Grid currently has three modes.
--tree
-- experimental
Tree is the federated learning mode. The long term goal is to have node workers store data locally, and train public models to make them better.
--compute
Compute mode lets users offer compute to train models. Data scientists can easily publish models from a jupyter notebook and train them remotely. Grid also offers easy utilities to try n number of configurations concurrently.
--anchor
Helps clients find workers in tree or compute mode.
It is recommended you install Anaconda prior to starting the installation. The installation page for your operating system can be found here.
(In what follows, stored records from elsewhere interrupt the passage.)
(* Let $n,k \in \mathbb{N}$ with $n \geq k$, and let $c_{n,k}$ be the smallest positive integer such that $c_{n,k} P^{(k)} \in E_n$ for every $P \in E_n$. Then $$c_{n,k} = \mathrm{lcm}\{d_{m,k} : k \leq m \leq n\}.$$ In particular, $c_{n,k}$ divides $q_{n,k}$.
   Context: For $n \in \mathbb{N}$, $E_n$ denotes the set of polynomials $P \in \mathbb{C}[X]$ of degree $\leq n$ (including the zero polynomial) such that $P(\mathbb{Z}) \subset \mathbb{Z}$. $P^{(k)}$ is the $k$-th derivative of $P$. For $n,k \in \mathbb{N}$ with $n \geq k$, define $$F_{n,k} = \sum_{\substack{i_1,\dots,i_k \in \mathbb{N}^* \\ i_1+\dots+i_k = n}} \frac{1}{i_1 i_2 \cdots i_k},$$ with the conventions $F_{0,0}=1$ and $F_{n,0}=0$ for $n \geq 1$; and $d_{n,k}$ is the denominator of the rational number $F_{n,k}$, i.e. the smallest positive integer $d$ with $dF_{n,k} \in \mathbb{Z}$. For $n,k \in \mathbb{N}$ with $n \geq k$, define $$q_{n,k} = \mathrm{lcm}\{i_1 i_2 \cdots i_k : i_1,\dots,i_k \in \mathbb{N}^*,\ i_1+\dots+i_k \leq n\},$$ with the convention $q_{n,0} = 1$. Here $\mathbb{N}^*$ denotes the positive integers. *)

theory Defs
  imports Complex_Main "HOL-Computational_Algebra.Polynomial"
begin

text \<open>E_n: complex polynomials of degree at most n mapping the integers into the integers
  (the zero polynomial has degree 0, so it is included).\<close>
definition E :: "nat \<Rightarrow> complex poly set" where
  "E n = {P. degree P \<le> n \<and> (\<forall>z::int. poly P (of_int z) \<in> \<int>)}"

definition comps :: "nat \<Rightarrow> nat \<Rightarrow> nat list set" where
  "comps n k = {is. length is = k \<and> (\<forall>i\<in>set is. 0 < i) \<and> sum_list is = n}"

text \<open>F_{n,k}; the conventions F_{0,0}=1 and F_{n,0}=0 (n>=1) are automatic
  (the empty list is the unique composition of 0 into 0 parts).\<close>
definition F :: "nat \<Rightarrow> nat \<Rightarrow> rat" where
  "F n k = (\<Sum>is\<in>comps n k. 1 / of_nat (prod_list is))"

definition d :: "nat \<Rightarrow> nat \<Rightarrow> nat" where
  "d n k = (LEAST d::nat. 0 < d \<and> of_nat d * F n k \<in> \<int>)"

text \<open>q_{n,k}; the convention q_{n,0}=1 is automatic (Lcm {1} = 1).\<close>
definition q :: "nat \<Rightarrow> nat \<Rightarrow> nat" where
  "q n k = Lcm {prod_list is | is. length is = k \<and> (\<forall>i\<in>set is. 0 < i) \<and> sum_list is \<le> n}"

definition c :: "nat \<Rightarrow> nat \<Rightarrow> nat" where
  "c n k = (LEAST c::nat. 0 < c \<and> (\<forall>P\<in>E n. smult (of_nat c) ((pderiv ^^ k) P) \<in> E n))"

end

theory Submission
  imports Defs
begin

text \<open>Write \<open>\<Delta>\<close> for the forward difference \<open>\<Delta>Q(x) = Q(x + 1) - Q(x)\<close>. On polynomials of
  bounded degree Taylor's formula gives \<open>D = log (1 + \<Delta>) = \<Sum>i\<ge>1. (-1)^(i-1) \<Delta>^i / i\<close>, hence
  \<open>D^k = \<Sum>j. (-1)^(j-k) F_{j,k} \<Delta>^j\<close>: each composition of \<open>j\<close> into \<open>k\<close> parts contributes one
  term. As \<open>\<Delta>\<close> preserves integer-valuedness, \<open>L P^(k) \<in> E_n\<close> for all \<open>P \<in> E_n\<close> once
  \<open>d_{j,k}\<close> divides \<open>L\<close> for \<open>k \<le> j \<le> n\<close>. Conversely, for the binomial polynomial
  \<open>x choose m \<in> E_n\<close> only the term \<open>j = m\<close> survives at \<open>x = 0\<close>, which forces \<open>d_{m,k}\<close> to
  divide \<open>L\<close>. Finally \<open>q_{n,k} F_{m,k}\<close> is a sum of integers for \<open>m \<le> n\<close>.\<close>

section \<open>Forward differences\<close>

definition fwd_diff :: "'a::comm_ring_1 poly \<Rightarrow> 'a poly" where
  "fwd_diff Q = pcompose Q [:1, 1:] - Q"

lemma poly_fwd_diff: "poly (fwd_diff Q) x = poly Q (x + 1) - poly Q x"
  by (simp add: fwd_diff_def poly_pcompose add.commute)

lemma fwd_diff_add: "fwd_diff (P + Q) = fwd_diff P + fwd_diff Q"
  by (simp add: fwd_diff_def pcompose_add)

lemma fwd_diff_smult: "fwd_diff (smult a Q) = smult a (fwd_diff Q)"
  by (simp add: fwd_diff_def pcompose_smult smult_diff_right)

lemma fwd_diff_const: "degree Q = 0 \<Longrightarrow> fwd_diff Q = 0"
  by (elim degree_eq_zeroE) (simp add: fwd_diff_def)

lemma higher_fwd_diff_0 [simp]: "(fwd_diff ^^ m) 0 = 0"
  by (induction m) (simp_all add: fwd_diff_const)

lemma higher_fwd_diff_add: "(fwd_diff ^^ m) (P + Q) = (fwd_diff ^^ m) P + (fwd_diff ^^ m) Q"
  by (induction m) (simp_all add: fwd_diff_add)

lemma higher_fwd_diff_smult: "(fwd_diff ^^ m) (smult a Q) = smult a ((fwd_diff ^^ m) Q)"
  by (induction m) (simp_all add: fwd_diff_smult)

lemma fwd_diff_pcompose_shift:
  fixes Q :: "'a::{idom,ring_char_0} poly"
  shows "fwd_diff (pcompose Q [:x, 1:]) = pcompose (fwd_diff Q) [:x, 1:]"
  by (rule poly_ext) (simp add: poly_fwd_diff poly_pcompose add_ac)

lemma higher_fwd_diff_pcompose_shift:
  fixes Q :: "'a::{idom,ring_char_0} poly"
  shows "(fwd_diff ^^ m) (pcompose Q [:x, 1:]) = pcompose ((fwd_diff ^^ m) Q) [:x, 1:]"
  by (induction m) (simp_all add: fwd_diff_pcompose_shift)

lemma degree_fwd_diff_less:
  fixes Q :: "'a::idom poly"
  assumes "degree Q > 0"
  shows "degree (fwd_diff Q) < degree Q"
proof -
  let ?R = "pcompose Q [:1, 1:]"
  have "degree ?R = degree Q" and "lead_coeff ?R = lead_coeff Q"
    using lead_coeff_comp[of "[:1, 1:]" Q] by (simp_all add: degree_pcompose)
  then have le: "degree (fwd_diff Q) \<le> degree Q" and top_coeff: "coeff (fwd_diff Q) (degree Q) = 0"
    unfolding fwd_diff_def using degree_diff_le[of ?R "degree Q" Q] by simp_all
  have "degree (fwd_diff Q) \<noteq> degree Q"
  proof
    assume eq: "degree (fwd_diff Q) = degree Q"
    with top_coeff have "fwd_diff Q = 0"
      using leading_coeff_0_iff[of "fwd_diff Q"] by simp
    with eq assms show False by simp
  qed
  with le show ?thesis by simp
qed

lemma degree_fwd_diff_le: "degree (fwd_diff (Q :: 'a::idom poly)) \<le> degree Q"
  by (cases "degree Q = 0") (auto simp: fwd_diff_const dest: degree_fwd_diff_less[of Q])

lemma degree_higher_fwd_diff_le: "degree ((fwd_diff ^^ m) (Q :: 'a::idom poly)) \<le> degree Q"
  by (induction m) (auto intro: order.trans[OF degree_fwd_diff_le])

lemma higher_fwd_diff_eq_0:
  fixes Q :: "'a::idom poly"
  shows "degree Q < m \<Longrightarrow> (fwd_diff ^^ m) Q = 0"
proof (induction m arbitrary: Q)
  case (Suc m)
  have "(fwd_diff ^^ Suc m) Q = (fwd_diff ^^ m) (fwd_diff Q)"
    by (simp only: funpow_Suc_right o_apply)
  moreover have "degree Q = 0 \<or> degree (fwd_diff Q) < m"
    using degree_fwd_diff_less[of Q] Suc.prems by linarith
  ultimately show ?case
    using Suc.IH by (auto simp: fwd_diff_const)
qed simp

definition int_valued :: "'a::comm_ring_1 poly \<Rightarrow> bool" where
  "int_valued Q \<longleftrightarrow> (\<forall>z::int. poly Q (of_int z) \<in> \<int>)"

lemma poly_of_int_add_1: "poly Q (of_int z + 1) = poly Q (of_int (z + 1))"
  by simp

lemma int_valued_fwd_diff: "int_valued Q \<Longrightarrow> int_valued (fwd_diff Q)"
  unfolding int_valued_def poly_fwd_diff poly_of_int_add_1 by (blast intro: Ints_diff)

lemma int_valued_higher_fwd_diff: "int_valued Q \<Longrightarrow> int_valued ((fwd_diff ^^ m) Q)"
  by (induction m) (simp_all add: int_valued_fwd_diff)

lemma int_valued_if_fwd_diff:
  assumes "poly Q 0 \<in> \<int>" and "int_valued (fwd_diff Q)"
  shows "int_valued Q"
  unfolding int_valued_def
proof
  fix z :: int
  have step: "poly Q (of_int (i + 1)) - poly Q (of_int i) \<in> \<int>" for i
    using assms(2) unfolding int_valued_def by (simp only: poly_fwd_diff poly_of_int_add_1)
  show "poly Q (of_int z) \<in> \<int>"
  proof (induction z rule: int_induct[where k = 0])
    case (step1 i)
    then show ?case
      using Ints_add[OF step[of i]] by simp
  next
    case (step2 i)
    then show ?case
      using Ints_diff[OF _ step[of "i - 1"]] by simp
  qed (use assms(1) in simp)
qed

section \<open>Binomial polynomials and the Newton expansion\<close>

fun binom_poly :: "nat \<Rightarrow> 'a::field_char_0 poly" where
  "binom_poly 0 = 1"
| "binom_poly (Suc j) = smult (1 / of_nat (Suc j)) (binom_poly j * [:- of_nat j, 1:])"

declare binom_poly.simps(2) [simp del]

lemma poly_binom_poly: "poly (binom_poly j) x = x gchoose j"
proof (induction j)
  case (Suc j)
  have "x gchoose (Suc j) = (x gchoose j) * (x - of_nat j) / of_nat (Suc j)"
    using gbinomial_mult_1[of x j] by (simp add: field_simps del: of_nat_Suc)
  with Suc show ?case
    by (simp add: binom_poly.simps(2) field_simps del: of_nat_Suc)
qed simp

lemma poly_binom_poly_0: "poly (binom_poly j) 0 = (if j = 0 then 1 else 0)"
  by (simp add: poly_binom_poly gbinomial_0_left)

lemma binom_poly_neq_0 [simp]: "binom_poly j \<noteq> 0"
proof
  assume "binom_poly j = (0 :: 'a poly)"
  then have "poly (binom_poly j) (of_nat j) = (0 :: 'a)"
    by simp
  then show False
    by (simp add: poly_binom_poly flip: binomial_gbinomial)
qed

lemma degree_binom_poly [simp]: "degree (binom_poly j) = j"
proof (induction j)
  case (Suc j)
  then show ?case
    by (simp add: binom_poly.simps(2) degree_mult_eq del: mult_pCons_right of_nat_Suc)
qed simp

lemma fwd_diff_binom_poly_Suc: "fwd_diff (binom_poly (Suc j)) = binom_poly j"
  by (rule poly_ext) (simp only: poly_fwd_diff poly_binom_poly gbinomial_Suc_Suc add_diff_cancel)

lemma higher_fwd_diff_binom_poly:
  "(fwd_diff ^^ m) (binom_poly j) = (if m \<le> j then binom_poly (j - m) else (0 :: 'a::field_char_0 poly))"
proof (induction m arbitrary: j)
  case (Suc m)
  have "(fwd_diff ^^ Suc m) (binom_poly j) = (fwd_diff ^^ m) (fwd_diff (binom_poly j))"
    by (simp only: funpow_Suc_right o_apply)
  also have "\<dots> = (if Suc m \<le> j then binom_poly (j - Suc m) else (0 :: 'a poly))"
    by (cases j) (simp_all add: Suc.IH fwd_diff_const fwd_diff_binom_poly_Suc)
  finally show ?case .
qed simp

lemma int_valued_binom_poly: "int_valued (binom_poly j)"
proof (induction j)
  case 0
  show ?case by (simp add: int_valued_def)
next
  case (Suc j)
  show ?case
    by (rule int_valued_if_fwd_diff) (simp_all add: Suc.IH poly_binom_poly_0 fwd_diff_binom_poly_Suc)
qed

text \<open>The Taylor coefficients of \<open>log (1 + x)\<close>.\<close>
definition log_coeff :: "nat \<Rightarrow> 'a::field_char_0" where
  "log_coeff i = (if i = 0 then 0 else (-1) ^ (i - 1) / of_nat i)"

lemma poly_pderiv_binom_poly_0: "poly (pderiv (binom_poly j)) 0 = (log_coeff j :: 'a::field_char_0)"
proof (induction j)
  case 0
  show ?case by (simp add: log_coeff_def)
next
  case (Suc j)
  have "poly (pderiv (binom_poly (Suc j))) 0
      = (poly (binom_poly j) 0 - of_nat j * poly (pderiv (binom_poly j)) 0) / (of_nat (Suc j) :: 'a)"
    by (simp add: binom_poly.simps(2) pderiv_smult pderiv_mult pderiv_pCons
        del: of_nat_Suc mult_pCons_right)
  also have "\<dots> = (poly (binom_poly j) 0 - of_nat j * log_coeff j) / of_nat (Suc j)"
    using Suc.IH by simp
  also have "\<dots> = log_coeff (Suc j)"
    by (cases j) (simp_all add: poly_binom_poly_0 log_coeff_def del: of_nat_Suc)
  finally show ?case .
qed

lemma newton_expansion:
  fixes Q :: "'a::field_char_0 poly"
  assumes "degree Q \<le> N"
  shows "Q = (\<Sum>j\<le>N. smult (poly ((fwd_diff ^^ j) Q) 0) (binom_poly j))"
  using assms
proof (induction N arbitrary: Q)
  case 0
  then show ?case
    by (auto elim: degree_eq_zeroE)
next
  case (Suc N)
  define a where "a = coeff Q (Suc N) / lead_coeff (binom_poly (Suc N) :: 'a poly)"
  define R where "R = Q - smult a (binom_poly (Suc N))"
  have "coeff (binom_poly (Suc N) :: 'a poly) (Suc N) \<noteq> 0"
    using leading_coeff_neq_0[of "binom_poly (Suc N) :: 'a poly"] by simp
  then have "degree R \<le> Suc N" and "coeff R (Suc N) = 0"
    unfolding R_def a_def using Suc.prems by (auto intro!: degree_diff_le)
  then have R: "degree R \<le> N"
    using leading_coeff_0_iff[of R] by (cases "degree R = Suc N") auto
  have Q: "Q = R + smult a (binom_poly (Suc N))"
    by (simp add: R_def)
  have diffs: "poly ((fwd_diff ^^ j) Q) 0 = poly ((fwd_diff ^^ j) R) 0 + (if j = Suc N then a else 0)"
    if "j \<le> Suc N" for j
    using that by (subst Q) (simp add: higher_fwd_diff_add higher_fwd_diff_smult
        higher_fwd_diff_binom_poly poly_binom_poly_0)
  have "(\<Sum>j\<le>Suc N. smult (poly ((fwd_diff ^^ j) Q) 0) (binom_poly j))
      = (\<Sum>j\<le>Suc N. smult (poly ((fwd_diff ^^ j) R) 0) (binom_poly j)
          + (if j = Suc N then smult a (binom_poly j) else 0))"
    by (rule sum.cong) (simp_all add: diffs smult_add_left)
  also have "\<dots> = (\<Sum>j\<le>Suc N. smult (poly ((fwd_diff ^^ j) R) 0) (binom_poly j))
      + smult a (binom_poly (Suc N))"
    by (simp only: sum.distrib sum.delta finite_atMost atMost_iff order_refl if_True)
  also have "\<dots> = R + smult a (binom_poly (Suc N))"
    using Suc.IH[OF R] higher_fwd_diff_eq_0[of R "Suc N"] R by simp
  finally show ?case
    using Q by simp
qed

lemma poly_pderiv_0_eq_log_series:
  fixes Q :: "'a::field_char_0 poly"
  assumes "degree Q \<le> N"
  shows "poly (pderiv Q) 0 = (\<Sum>i\<le>N. log_coeff i * poly ((fwd_diff ^^ i) Q) 0)"
proof -
  have "pderiv Q = (\<Sum>j\<le>N. smult (poly ((fwd_diff ^^ j) Q) 0) (pderiv (binom_poly j)))"
    by (subst newton_expansion[OF assms]) (simp add: higher_pderiv_sum[of 1, simplified] pderiv_smult)
  then show ?thesis
    by (simp add: poly_sum poly_pderiv_binom_poly_0 mult.commute)
qed

text \<open>The value at \<open>x\<close> is the value at \<open>0\<close> of the shifted polynomial \<open>Q(x + _)\<close>.\<close>
lemma pderiv_eq_log_series:
  fixes Q :: "'a::field_char_0 poly"
  assumes "degree Q \<le> N"
  shows "pderiv Q = (\<Sum>i\<le>N. smult (log_coeff i) ((fwd_diff ^^ i) Q))"
proof (rule poly_ext)
  fix x :: 'a
  let ?Qx = "pcompose Q [:x, 1:]"
  have "degree ?Qx \<le> N"
    using assms by (simp add: degree_pcompose)
  moreover have "pderiv ?Qx = pcompose (pderiv Q) [:x, 1:]"
    by (simp add: pderiv_pcompose pderiv_pCons)
  ultimately show "poly (pderiv Q) x = poly (\<Sum>i\<le>N. smult (log_coeff i) ((fwd_diff ^^ i) Q)) x"
    using poly_pderiv_0_eq_log_series[of ?Qx N]
    by (simp add: higher_fwd_diff_pcompose_shift poly_pcompose poly_sum)
qed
If you just want to install python3 and pip3 this can be done through brew on MacOS or apt on Ubuntu LTS 16.04.
MacOS:
brew install python3
Ubuntu LTS 16.04:
apt install python3
apt install python-pip3
If you want to use an Anaconda environment, make sure you've created and activated it before installing anything else, e.g.:
conda create -n openmined python=3.6 anaconda -y
source activate openmined #(or conda activate openmined, depending on your version of conda)
Grid requires PyTorch. Follow the instructions at https://pytorch.org to install the correct build for your platform/environment.
Finally, navigate to the local clone of the Grid repository and run python setup.py install
. If you're going to be developing Grid, you can replace that with python setup.py develop
.
Grid worker can now start the ipfs daemon for you, but if you want to start it manually it can be with:
start_ipfs
You can then run the worker daemon. If you want to run in compute
mode run:
start_worker --compute
and if you want to run in tree
mode, run:
start_worker --tree
If you have GPU and want to use them, you will need to have nvidia-docker2. Make sure you can see your gpus using
docker run --runtime=nvidia --rm nvidia/cuda nvidia-smi
The main scrip to launch the grid is run_grid.sh. It has several flags
Usage: ./run_grid.sh [-g <gpu>] [-m <grid-mode>] [-a <host_ip>] [-n <name>] [-e <email>]
For instance, if you want to run a worker in tree mode with an aws instance with gpus on it whose ip is 10.34.23.45, then you can run
./run_grid.sh -g -m tree -a 10.34.23.45 -n jack -e jack@aws.com
If you have only a laptop without gpus in it, but you want to run an anchor because, why not
./run_grid.sh -m anchor -a 1.34.23.45 -n jack -e jack@laptop.com
If running those commands doesn't work make sure the location of the installed script is in your PATH. This can be done by adding a the following similar line to your '~/.bash_profile' file:
export PATH=$PATH:/anaconda3/bin
/anaconda3/
might need to be replace by the actual install location if not being used with anaconda or you installed anaconda locally for the current user.
And then running:
source ~/.bash_profile
If you have any troubles running an experiment such as the other peers not learning about your jobs make sure you're connected to the peer. You can check if you're connected to the peer by running:
ipfs pubsub peers | grep <ipfs address>
And then to connect to the peer if you're not connected:
ipfs swarm connect <ipfs_address>
The swarm connect IPFS address should look something like this /p2p-circuit/ipfs/QmXbV8HZwKYkkWAAZr1aYT3nRMCUnpp68KaxP3vccirUc8
. And can be found in the output of the daemon when you start it.
TODO make this automatic
Before submitting a PR to this repo make sure the following packages are installed with pip:
pip install pycodestyle yapf pytest
First run yapf
:
yapf --recursive --in-place .
Then run pycodestyle
:
pycodestyle --max-line-length=130 --exclude=.ropeproject,ipfsapi,build,.eggs .
We still have some issues with long lines and bare excepts so those can be ignored for now. But everything else should be cleaned up.
To run the integration tests you MUST start up a local worker first (this is unfortunate see issue OpenMined#146)
Then run the tests:
pytest -s
If everything looks good to you, submit the PR.